# "I'll Hang Myself if I need Help to Protect Uganda"-President Museveni Rubbishes Nigeria's Jonathan



## LequteMan (May 22, 2014)

Ugandan president, Yoweri Museveni, who has been in power for 28 years, yesterday dissed Nigerian president Goodluck Jonthan and presidents of other African countries, saying he would not give up on protecting his people and his country.

“I have never called the United Nations to guard your security. Me, Yoweri Museveni to say that I have failed to protect my people and I call in the UN….I would rather hang myself. We prioritized national security by developing a strong army otherwise our Uganda would be like DRC, South Sudan, Somalia or Nigeria where militias have disappeared with school children," #Nyamilepedia quoted him as saying.

"It would be a vote of no confidence to our country and citizens if we can’t guarantee our security, what kind of persons would we be?” Museveni said.

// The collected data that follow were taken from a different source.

(* Let $n\ge 4$ be an integer and let $QD_{2^n}=\langle a,b : a^{2^{n-1}}=b^2=1,\ bab^{-1}=a^{2^{n-2}-1}\rangle$ be the quasidihedral group of order $2^n$. Let $\Gamma_{QD_{2^n}}$ be its non-commuting graph. Let $t_1,t_2$ be the two roots of the equation $(2^{n-1}-2)x^2-(2^n-10)x-2^{n-1}=0$. Then the spectrum of the distance signless Laplacian matrix $D^Q(\Gamma_{QD_{2^n}})$ (eigenvalues counted with multiplicity, multiplicities being added if two of the listed values coincide) consists of: (a) $2^n-4$ with multiplicity $2^{n-2}$; (b) $2^n-2$ with multiplicity $2^{n-2}-1$; (c) $2^n+2^{n-1}-8$ with multiplicity $2^{n-1}-3$; (d) $t_k(2^{n-1}-2)+3\cdot 2^{n-1}-2$ with multiplicity $1$, for each $k=1,2$.
   Context: For a finite non-abelian group $G$ with centre $Z(G)$, the non-commuting graph $\Gamma_G$ is the simple undirected graph with vertex set $G\setminus Z(G)$, in which two distinct vertices $u,v$ are adjacent if and only if $uv\ne vu$. For a connected graph $H$, $d_{uv}$ denotes the length of a shortest path between $u$ and $v$; the distance matrix $D(H)$ has $(u,v)$-entry $d_{uv}$. The transmission of a vertex $v$ is $\sum_{u} d_{uv}$, and $Tr(H)$ is the diagonal matrix of vertex transmissions. The distance signless Laplacian matrix is $D^Q(H)=Tr(H)+D(H)$. *)

theory Defs
  imports "HOL-Algebra.Group" "HOL-Algebra.Generated_Groups" "Jordan_Normal_Form.Char_Poly"
begin

definition grp_center :: "('a, 'b) monoid_scheme \<Rightarrow> 'a set" where
  "grp_center G = {z \<in> carrier G. \<forall>x \<in> carrier G. z \<otimes>\<^bsub>G\<^esub> x = x \<otimes>\<^bsub>G\<^esub> z}"

definition ncg_verts :: "('a, 'b) monoid_scheme \<Rightarrow> 'a set" where
  "ncg_verts G = carrier G - grp_center G"

definition ncg_adj :: "('a, 'b) monoid_scheme \<Rightarrow> 'a \<Rightarrow> 'a \<Rightarrow> bool" where
  "ncg_adj G u v \<longleftrightarrow> u \<in> ncg_verts G \<and> v \<in> ncg_verts G \<and> u \<noteq> v \<and>
     u \<otimes>\<^bsub>G\<^esub> v \<noteq> v \<otimes>\<^bsub>G\<^esub> u"

fun ncg_walk :: "('a, 'b) monoid_scheme \<Rightarrow> nat \<Rightarrow> 'a \<Rightarrow> 'a \<Rightarrow> bool" where
  "ncg_walk G 0 u v \<longleftrightarrow> u = v \<and> u \<in> ncg_verts G"
| "ncg_walk G (Suc k) u v \<longleftrightarrow> (\<exists>w. ncg_adj G u w \<and> ncg_walk G k w v)"

definition ncg_dist :: "('a, 'b) monoid_scheme \<Rightarrow> 'a \<Rightarrow> 'a \<Rightarrow> nat" where
  "ncg_dist G u v = (LEAST k. ncg_walk G k u v)"

definition ncg_transmission :: "('a, 'b) monoid_scheme \<Rightarrow> 'a \<Rightarrow> nat" where
  "ncg_transmission G v = (\<Sum>u \<in> ncg_verts G. ncg_dist G u v)"

text \<open>Distance signless Laplacian D^Q = Tr + D, as a matrix w.r.t. the vertex
  enumeration vs (a list listing every vertex exactly once).\<close>
definition ncg_DQ :: "('a, 'b) monoid_scheme \<Rightarrow> 'a list \<Rightarrow> real mat" where
  "ncg_DQ G vs = mat (length vs) (length vs)
     (\<lambda>(i, j). (if i = j then real (ncg_transmission G (vs ! i)) else 0)
               + real (ncg_dist G (vs ! i) (vs ! j)))"

end

theory Submission
  imports Defs
begin

text \<open>Write \<open>q = 2^(n-2)\<close> and \<open>m = 2^(n-1)\<close>. In \<open>QD\<^bsub>2^n\<^esub>\<close> every element is \<open>a^i b^e\<close>, the centre
  is \<open>{1, a^q}\<close>, powers of \<open>a\<close> commute, \<open>a^i\<close> commutes with \<open>a^j b\<close> iff \<open>q\<close> divides \<open>i\<close>, and
  \<open>a^i b\<close> commutes with \<open>a^j b\<close> iff \<open>i \<equiv> j (mod q)\<close>, i.e. iff the two are equal or differ by
  the factor \<open>a^q\<close>. So the \<open>2q - 2\<close> non-central powers \<open>A\<close> of \<open>a\<close> are pairwise at distance 2,
  at distance 1 from the \<open>2q\<close> elements \<open>B\<close> of the coset \<open>\<langle>a\<rangle>b\<close>, and two elements of \<open>B\<close> are at
  distance 2 if they differ by \<open>a^q\<close> and at distance 1 otherwise.

  For this distance pattern \<open>D^Q\<close> has the eigenvectors \<open>e u - e v\<close> on \<open>A\<close> (eigenvalue \<open>3m - 8\<close>),
  \<open>e x - e (a^q x)\<close> on \<open>B\<close> (\<open>2m - 4\<close>) and the zero-sum combinations of the pair sums
  \<open>e x + e (a^q x)\<close> (\<open>2m - 2\<close>). On \<open>span {1_A, 1_B}\<close> it acts by the quotient matrix
  \<open>[[5m - 12, m], [m - 2, 3m - 2]]\<close>, whose eigenvector \<open>t 1_A + 1_B\<close> has eigenvalue
  \<open>t (m - 2) + 3m - 2\<close> exactly when \<open>t\<close> solves \<open>(m - 2) t\<^sup>2 - (2m - 10) t - m = 0\<close>. Completing the
  eigenvectors by two vectors gives an explicit basis in which \<open>D^Q\<close> is triangular.\<close>

section \<open>Matrices indexed by an enumeration of a finite set\<close>

definition kernel_mat :: "'a list \<Rightarrow> 'a list \<Rightarrow> ('a \<Rightarrow> 'a \<Rightarrow> 'b) \<Rightarrow> 'b mat" where
  "kernel_mat xs ys f = mat (length xs) (length ys) (\<lambda>(i, j). f (xs ! i) (ys ! j))"

lemma kernel_mat_carrier [simp]: "kernel_mat xs ys f \<in> carrier_mat (length xs) (length ys)"
  and dim_row_kernel_mat [simp]: "dim_row (kernel_mat xs ys f) = length xs"
  and dim_col_kernel_mat [simp]: "dim_col (kernel_mat xs ys f) = length ys"
  by (simp_all add: kernel_mat_def)

lemma index_kernel_mat [simp]:
  "i < length xs \<Longrightarrow> j < length ys \<Longrightarrow> kernel_mat xs ys f $$ (i, j) = f (xs ! i) (ys ! j)"
  by (simp add: kernel_mat_def)

lemma kernel_mat_cong:
  "(\<And>u v. u \<in> set xs \<Longrightarrow> v \<in> set ys \<Longrightarrow> f u v = g u v) \<Longrightarrow> kernel_mat xs ys f = kernel_mat xs ys g"
  by (intro eq_matI) auto

lemma sum_nth_distinct:
  assumes "distinct ys"
  shows "(\<Sum>k<length ys. h (ys ! k)) = (\<Sum>w\<in>set ys. h w)"
  using assms by (simp add: sum.distinct_set_conv_list sum_list_sum_nth lessThan_atLeast0)

lemma kernel_mat_mult:
  assumes "distinct ys"
  shows "kernel_mat xs ys f * kernel_mat ys zs g = kernel_mat xs zs (\<lambda>u v. \<Sum>w\<in>set ys. f u w * g w v)"
proof (rule eq_matI)
  fix i j assume "i < dim_row (kernel_mat xs zs (\<lambda>u v. \<Sum>w\<in>set ys. f u w * g w v))"
    and "j < dim_col (kernel_mat xs zs (\<lambda>u v. \<Sum>w\<in>set ys. f u w * g w v))"
  then show "(kernel_mat xs ys f * kernel_mat ys zs g) $$ (i, j)
      = kernel_mat xs zs (\<lambda>u v. \<Sum>w\<in>set ys. f u w * g w v) $$ (i, j)"
    using sum_nth_distinct[OF assms, of "\<lambda>w. f (xs ! i) w * g w (zs ! j)"]
    by (simp add: scalar_prod_def lessThan_atLeast0)
qed auto

lemma kernel_mat_delta:
  "distinct xs \<Longrightarrow> kernel_mat xs xs (\<lambda>u v. if u = v then 1 else 0) = 1\<^sub>m (length xs)"
  by (intro eq_matI) (auto simp: nth_eq_iff_index_eq)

#MuseveniYoweri #GoodluckJonathan #BokoHaram #Uganda #Nigeria


----------



## abujagirl (May 22, 2014)

uhm...okay


----------



## Vunderkind (May 23, 2014)

He should go and sit down.


----------



## LequteMan (May 23, 2014)

Vunderkind said:


> He should go and sit down.


Abi. His country would've been wiped out by now if it had insurgents like Boko Haram.


----------



## Vunderkind (May 23, 2014)

The African Pride Syndrome, where we have an exaggerated sense of independence when we have nothing tangible to show for it. It's alright to brag and talk big on TV, but when push comes to shove, as it did for Jonathan, we'll discover all we have are a big mouth and remarkably little hands.


----------



## Ado Musa (May 23, 2014)

Truth is bitter. Giant of Africa is being taunted by a small group of miscreants. Unless sentiment, be It religious, ethnic or what ever is cast aside, Nigeria will continue to degenerate. National interest must hold sway.


----------



## LequteMan (May 23, 2014)

Ado Musa said:


> Truth is bitter. Giant of Africa is being taunted by a small group of miscreants. Unless sentiment, be It religious, ethnic or what ever is cast aside, Nigeria will continue to degenerate. National interest must hold sway.



Wouldn't it be better if we break up? Because its only going to get worse.


----------